Diantara banyak wasiat beliau yang disampaikan kepada murid-muridnya dan keluarga yang berhubungan dengan kematian adalah wasiat beliau tentang Dayah Raudhatul Ulum. Isi wasiat itu adalah. Pertama, Dayah Raudhatul Ulum perlu dihidupkan dengan baik, lakukan upaya memajukan Dayah itu secara baik. Jika anak-anak beliau tidak dapat mengajar di Raudhatul ulum, maka panggil orang yang mampu mengajar sehingga Raudhatul Ulum tetap dapat berperan dan berfungsi sebagai lembaga pendidik umat. Kedua, jangan seorangpun diantara anak-anak beliau dan guru membuat rumah di lokasi Dayah Raudhatul Ulum, karena jika itu yang dilakukan maka Dayah Raudhatul Ulum nanti tidak akan jadi Dayah lagi tetapi akan jadi komplek perumahan. Jika anak-anak dan guru  mau membuat rumah tempat tinggal mengambil lokasi di luar dayah, jika dayah mampu dari segi keuangan perlu dilakukan pengadaan tanah yang dikhususkan untuk membangun perumahan guru. KeTiga, di lokasi Dayah Raudhatul Ulum tidak dikuburkan seorangpun termasuk beliau. Jika di komplek dayah dilakukan penguburan maka lama-lama  dayah Raudhatul ulum akan menjadi komplek perkuburan.

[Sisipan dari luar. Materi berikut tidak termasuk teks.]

(* For $n\in\mathbb{Z}^+$ we have $$\begin{aligned}&t(1,3,16;n)=2N(1,3,16;2n+5)=t(2,2,3;(n-1)/4)&&\text{for } n\equiv 1\pmod 4,\\ &t(1,3,48;n)=2N(1,3,48;2n+13)=t(1,6,6;n/4)&&\text{for } n\equiv 0\pmod 4,\\ &t(1,3,4;n)=\tfrac 43N(1,3,4;2n+2)&&\text{for } n\equiv 3,5\pmod 8,\\ &t(1,3,12;n)=\tfrac 43N(1,3,12;2n+4)&&\text{for } n\equiv 0,2\pmod 8,\\ &t(1,3,36;n)=\tfrac 43N(1,3,36;2n+10)&&\text{for } n\equiv 1,7\pmod 8,\\ &t(3,4,9;n)=\tfrac 43N(3,4,9;2n+4)&&\text{for } n\equiv 2,4\pmod 8.\end{aligned}$$
   Context: $\mathbb{Z}^+$ is the set of positive integers. For $a,b,c\in\mathbb{Z}^+$ and nonnegative integer $n$, $N(a,b,c;n)$ denotes the number of triples $(x,y,z)\in\mathbb{Z}^3$ with $n=ax^2+by^2+cz^2$, and $t(a,b,c;n)$ denotes the number of triples $(x,y,z)\in\mathbb{Z}^3$ with $n=a\frac{x(x+1)}2+b\frac{y(y+1)}2+c\frac{z(z+1)}2$. *)

theory Defs
  imports Complex_Main
begin

definition N :: "nat \<Rightarrow> nat \<Rightarrow> nat \<Rightarrow> nat \<Rightarrow> nat" where
  "N a b c n = card {(x :: int, y :: int, z :: int).
       int n = int a * x^2 + int b * y^2 + int c * z^2}"

definition t :: "nat \<Rightarrow> nat \<Rightarrow> nat \<Rightarrow> nat \<Rightarrow> nat" where
  "t a b c n = card {(x :: int, y :: int, z :: int).
       int n = int a * (x * (x + 1) div 2) + int b * (y * (y + 1) div 2)
             + int c * (z * (z + 1) div 2)}"

end

theory Submission
  imports Defs
begin

(* Writing x = 2x' + 1, t(a,b,c;n) counts the odd solutions of a x^2 + b y^2 + c z^2 = 8n + a + b + c,
   so each identity compares numbers of representations by ternary forms, and these are matched by
   explicit bijections. The main one lives in Z[sqrt(-3)]: the pairs of odd integers with
   x^2 + 3y^2 = 4m are exactly the products (1 +- sqrt(-3))(u + v sqrt(-3)) with u^2 + 3v^2 = m odd,
   so there are twice as many of them; together with the pairs of even integers this gives
   r(4m) = 3 r(m). Applying this once to N and twice to t expresses both through the same ternary
   count C, as N = 3|C| and t = 4|C|. For the first two identities the identity
   2(x^2 + y^2) = (x + y)^2 + (x - y)^2 and the involution exchanging w/2 and z in w^2 + 4z^2 play
   the same role. Congruences mod 8 determine the parities needed at each step. *)

(* No finiteness assumption is needed: if C is infinite, both sides are 0. *)
lemma card_Un_bij_betw_copies:
  assumes "bij_betw f C A" "bij_betw g C B" "A \<inter> B = {}"
  shows "card (A \<union> B) = 2 * card C"
proof (cases "finite C")
  case True
  then have "finite A" "finite B" using assms(1,2) bij_betw_finite by blast+
  then show ?thesis
    using card_Un_disjoint assms bij_betw_same_card by (metis mult_2)
next
  case False
  then have "infinite (A \<union> B)" using assms(1) bij_betw_finite by blast
  then show ?thesis using False by simp
qed

lemma card_swap23: "card {(x, z, y). P x y z} = card {(x, y, z). P x y z}"
  by (rule bij_betw_same_card[of "\<lambda>(x, z, y). (x, y, z)"]) (auto simp: bij_betw_def inj_on_def image_def)

lemma card_swap13: "card {(z, y, x). P x y z} = card {(x, y, z). P x y z}"
  by (rule bij_betw_same_card[of "\<lambda>(z, y, x). (x, y, z)"]) (auto simp: bij_betw_def inj_on_def image_def)

lemma card_rotate: "card {(y, z, x). P x y z} = card {(x, y, z). P x y z}"
  by (rule bij_betw_same_card[of "\<lambda>(y, z, x). (x, y, z)"]) (auto simp: bij_betw_def inj_on_def image_def)

lemma card_even_third:
  "card {(x, y, z). even (z::int) \<and> P x y z} = card {(x, y, z). P x y (2 * z)}"
proof -
  have "{(x, y, z). even z \<and> P x y z} = (\<lambda>(x, y, z). (x, y, 2 * z)) ` {(x, y, z). P x y (2 * z)}"
    by (auto simp: image_def elim!: evenE)
  moreover have "inj_on (\<lambda>(x, y, z). (x, y, 2 * (z::int))) A" for A :: "('a \<times> 'b \<times> int) set"
    by (auto simp: inj_on_def)
  ultimately show ?thesis by (simp add: card_image)
qed

lemma card_even_first_second:
  "card {(x, y, z). even (x::int) \<and> even (y::int) \<and> P x y z} = card {(x, y, z). P (2 * x) (2 * y) z}"
proof -
  have "{(x, y, z). even x \<and> even y \<and> P x y z} = (\<lambda>(x, y, z). (2 * x, 2 * y, z)) ` {(x, y, z). P (2 * x) (2 * y) z}"
    by (auto simp: image_def elim!: evenE)
  moreover have "inj_on (\<lambda>(x, y, z). (2 * x, 2 * (y::int), z)) A" for A :: "(int \<times> int \<times> 'a) set"
    by (auto simp: inj_on_def)
  ultimately show ?thesis by (simp add: card_image)
qed

(* (u + 3v) + (v - u) sqrt(-3) = (1 - sqrt(-3)) (u + v sqrt(-3)) *)
lemma bij_betw_x2_3y2_times_4:
  fixes P :: "int \<Rightarrow> 'a \<Rightarrow> bool"
  shows "bij_betw (\<lambda>(u, v, z). (u + 3 * v, v - u, z))
           {(u, v, z). odd (u^2 + 3 * v^2) \<and> P (4 * (u^2 + 3 * v^2)) z}
           {(x, y, z). odd x \<and> odd y \<and> P (x^2 + 3 * y^2) z \<and> 4 dvd (x + y)}"
proof -
  let ?f = "\<lambda>(u, v, z). (u + 3 * v, v - u, z)"
  let ?B = "{(u, v, z). odd (u^2 + 3 * v^2) \<and> P (4 * (u^2 + 3 * v^2)) z}"
  let ?S = "{(x, y, z). odd x \<and> odd y \<and> P (x^2 + 3 * y^2) z \<and> 4 dvd (x + y)}"
  have norm: "(u + 3 * v)^2 + 3 * (v - u)^2 = 4 * (u^2 + 3 * v^2)" for u v :: int
    by (simp add: power2_eq_square algebra_simps)
  have "inj_on ?f ?B"
    by (auto simp: inj_on_def)
  moreover have "?f ` ?B \<subseteq> ?S"
  proof clarify
    fix u v z assume "odd (u^2 + 3 * v^2)" "P (4 * (u^2 + 3 * v^2)) z"
    moreover have "4 dvd (u + 3 * v) + (v - u)"
      by simp
    ultimately show "odd (u + 3 * v) \<and> odd (v - u) \<and> P ((u + 3 * v)^2 + 3 * (v - u)^2) z \<and>
        4 dvd (u + 3 * v) + (v - u)"
      unfolding norm by auto
  qed
  moreover have "?S \<subseteq> ?f ` ?B"
  proof clarify
    fix x y z assume "odd x" "odd y" and P: "P (x^2 + 3 * y^2) z" and "4 dvd x + y"
    then obtain k where y: "y = k - (x - 3 * k)"
      by (auto simp: dvd_def algebra_simps)
    have "x^2 + 3 * y^2 = 4 * ((x - 3 * k)^2 + 3 * k^2)"
      using norm[of "x - 3 * k" k] y by simp
    then have "(x - 3 * k, k, z) \<in> ?B"
      using \<open>odd x\<close> P by simp
    moreover have "(x, y, z) = ?f (x - 3 * k, k, z)"
      using y by simp
    ultimately show "(x, y, z) \<in> ?f ` ?B"
      by blast
  qed
  ultimately show ?thesis
    unfolding bij_betw_def by blast
qed

lemma card_odd_x2_3y2:
  fixes P :: "int \<Rightarrow> 'a \<Rightarrow> bool"
  shows "card {(x, y, z). odd x \<and> odd y \<and> P (x^2 + 3 * y^2) z}
       = 2 * card {(u, v, z). odd (u^2 + 3 * v^2) \<and> P (4 * (u^2 + 3 * v^2)) z}"
proof -
  let ?S_plus = "{(x, y, z). odd x \<and> odd y \<and> P (x^2 + 3 * y^2) z \<and> 4 dvd (x + y)}"
  let ?S_minus = "{(x, y, z). odd x \<and> odd y \<and> P (x^2 + 3 * y^2) z \<and> 4 dvd (x - y)}"
  note plus = bij_betw_x2_3y2_times_4[of P]
  have "bij_betw (\<lambda>(x, y, z). (x, - y, z)) ?S_plus ?S_minus"
    by (rule bij_betw_byWitness[where f'="\<lambda>(x, y, z). (x, - y, z)"]) auto
  note minus = bij_betw_trans[OF plus this]
  have "{(x, y, z). odd x \<and> odd y \<and> P (x^2 + 3 * y^2) z} = ?S_plus \<union> ?S_minus"
    by auto presburger
  moreover have "?S_plus \<inter> ?S_minus = {}"
    by auto presburger
  ultimately show ?thesis
    using card_Un_bij_betw_copies[OF plus minus] by simp
qed

lemma card_x2_3y2_eq_3_times:
  fixes P :: "int \<Rightarrow> 'a \<Rightarrow> bool"
  assumes fin: "finite {(x, y, z). P (x^2 + 3 * y^2) z}"
    and even: "\<And>s z. P s z \<Longrightarrow> even s"
    and odd: "\<And>u v z. P (4 * (u^2 + 3 * v^2)) z \<Longrightarrow> odd (u^2 + 3 * v^2)"
  shows "card {(x, y, z). P (x^2 + 3 * y^2) z} = 3 * card {(u, v, z). P (4 * (u^2 + 3 * v^2)) z}"
proof -
  let ?E = "{(x, y, z). even x \<and> even y \<and> P (x^2 + 3 * y^2) z}"
  let ?O = "{(x, y, z). odd x \<and> odd y \<and> P (x^2 + 3 * y^2) z}"
  have "even x = even y" if "P (x^2 + 3 * y^2) z" for x y z
    using even[OF that] by simp
  then have split: "{(x, y, z). P (x^2 + 3 * y^2) z} = ?E \<union> ?O"
    by auto
  have fin_EO: "finite ?E" "finite ?O"
    by (rule finite_subset[OF _ fin]; auto)+
  have "(2 * x)^2 + 3 * (2 * y)^2 = 4 * (x^2 + 3 * y^2)" for x y :: int
    by (simp add: power_mult_distrib)
  then have card_E: "card ?E = card {(u, v, z). P (4 * (u^2 + 3 * v^2)) z}"
    using card_even_first_second[of "\<lambda>x y z. P (x^2 + 3 * y^2) z"] by simp
  have "{(u, v, z). odd (u^2 + 3 * v^2) \<and> P (4 * (u^2 + 3 * v^2)) z} = {(u, v, z). P (4 * (u^2 + 3 * v^2)) z}"
    using odd by blast
  then have card_O: "card ?O = 2 * card {(u, v, z). P (4 * (u^2 + 3 * v^2)) z}"
    using card_odd_x2_3y2[of P] by simp
  have "?E \<inter> ?O = {}"
    by auto
  then show ?thesis
    unfolding split using card_Un_disjoint[OF fin_EO] card_E card_O by simp
qed

lemma bij_betw_x2_16y2_odd:
  fixes P :: "int \<Rightarrow> 'a \<Rightarrow> bool"
  assumes cong: "\<And>w z e. P (w^2 + 4 * z^2) e \<Longrightarrow> even w \<and> odd (w div 2 + z)"
  shows "bij_betw (\<lambda>(w, z, e). (4 * z, w div 2, e))
           {(w, z, e). P (w^2 + 16 * z^2) e} {(w, z, e). odd z \<and> P (w^2 + 4 * z^2) e}"
proof -
  let ?f = "\<lambda>(w, z, e). (4 * z, w div 2, e)" and ?g = "\<lambda>(w, z, e). (2 * z, w div 4, e)"
  let ?A = "{(w, z, e). P (w^2 + 16 * z^2) e}" and ?B = "{(w, z, e). odd z \<and> P (w^2 + 4 * z^2) e}"
  have half: "w^2 + 16 * z^2 = (4 * z)^2 + 4 * (w div 2)^2" if "even w" for w z :: int
    using that by (auto simp: power_mult_distrib elim!: evenE)
  have quarter: "w^2 + 4 * z^2 = (2 * z)^2 + 16 * (w div 4)^2" if "4 dvd w" for w z :: int
    using that by (auto simp: power_mult_distrib elim!: dvdE)
  have cong16: "even w \<and> odd (w div 2)" if "P (w^2 + 16 * z^2) e" for w z e
    using cong[of w "2 * z" e] that by (simp add: power_mult_distrib)
  have cong4: "4 dvd w" if "P (w^2 + 4 * z^2) e" "odd z" for w z e
    using cong[OF that(1)] that(2) by presburger
  have left_inverse: "\<forall>p \<in> ?A. ?g (?f p) = p"
    using cong16 by (auto elim!: evenE)
  have right_inverse: "\<forall>p \<in> ?B. ?f (?g p) = p"
    using cong4 by (auto elim!: dvdE)
  have "?f ` ?A \<subseteq> ?B"
  proof clarify
    fix w z e assume "P (w^2 + 16 * z^2) e"
    then show "odd (w div 2) \<and> P ((4 * z)^2 + 4 * (w div 2)^2) e"
      using cong16 half by metis
  qed
  moreover have "?g ` ?B \<subseteq> ?A"
  proof clarify
    fix w z e assume "odd z" "P (w^2 + 4 * z^2) e"
    then show "P ((2 * z)^2 + 16 * (w div 4)^2) e"
      using cong4 quarter by metis
  qed
  ultimately show ?thesis
    by (rule bij_betw_byWitness[OF left_inverse right_inverse])
qed

lemma card_x2_4y2_eq_double:
  fixes P :: "int \<Rightarrow> 'a \<Rightarrow> bool"
  assumes cong: "\<And>w z e. P (w^2 + 4 * z^2) e \<Longrightarrow> even w \<and> odd (w div 2 + z)"
  shows "card {(w, z, e). P (w^2 + 4 * z^2) e} = 2 * card {(w, z, e). P (w^2 + 16 * z^2) e}"
proof -
  have even_part: "bij_betw (\<lambda>(w, z, e). (w, 2 * z, e))
          {(w, z, e). P (w^2 + 16 * z^2) e} {(w, z, e). even z \<and> P (w^2 + 4 * z^2) e}"
    by (rule bij_betw_byWitness[where f'="\<lambda>(w, z, e). (w, z div 2, e)"])
       (auto simp: power_mult_distrib elim!: evenE)
  have "{(w, z, e). P (w^2 + 4 * z^2) e}
      = {(w, z, e). odd z \<and> P (w^2 + 4 * z^2) e} \<union> {(w, z, e). even z \<and> P (w^2 + 4 * z^2) e}"
    by auto
  moreover have "{(w, z, e). odd z \<and> P (w^2 + 4 * z^2) e} \<inter> {(w, z, e). even z \<and> P (w^2 + 4 * z^2) e} = {}"
    by auto
  ultimately show ?thesis
    using card_Un_bij_betw_copies[OF bij_betw_x2_16y2_odd[of P, OF cong] even_part] by simp
qed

Setelah mendapatkan wasiat seperti itu dan oleh Umi pun menyatakan bahwa wasiat itu juga pernah disampaikan kepada beliau, maka perbedaan pendapat itu segera mereda dan langkah penguburan Abuya segera diambil. Malam hari jasad Abuya dikuburkan di samping kuburan guru dan mertua  beliau Tgk. Syech T. Mahmud yang wafat pada tahun 1964. Makam kedua ulama shaleh tersebut terletak di pekarangan/depan rumah beliau di bawah bangunan qubah yang dibangun masyarakat. Letak makam ulama ini sekitar 50 m dari mesjid Jamik Agung Baitul Adhim Blangpidie dan sampai hari ini banyak diziarahi masyarakat dari berbagai daerah terutama murid-murid beliau.
Silih berganti
Sejak Abuya wafat sampai satu tahun kemudian proses ajar mengajar di Dayah Raudhatul Ulum tetap berjalan seperti biasa. Akan tetapi pembelajaran melalui tatap muka antara seluruh santri dengan Abuya yang telah rutin dilakukan setiap malam Rabu tidak ada lagi, dan demikian juga santri senior yang belajarnya langsung kepada Abuya menjadi terhenti. Masalah santri senior ini merupakan masalah besar yang dihadapi Dayah Raudhatul Ulum saat itu. Santri senior bagaimanapun harus belajar dan harus mendapatkan ilmu yang cukup. Mereka tidak mungkin  pembelajarannya terhenti tanpa mendapat ijazah dari lembaga Dayah. Umumnya, dalam kalangan Dayah tradisional di Aceh penyampaian ijazah dilakukan oleh Abuya sebagai pimpinan Dayah. Ijazah akan dikeluarkan setelah yang bersangkutan diuji dan dilakukan penilaian secara seksama. Umumnya santri yang telah diberi ijazah akhir tersebut, telah dinilai kemampuannya sehingga mereka dapat membuka Dayah pula di daerahnya.  Santri seperti inilah biasanya akan menjadi ulama di daerahnya.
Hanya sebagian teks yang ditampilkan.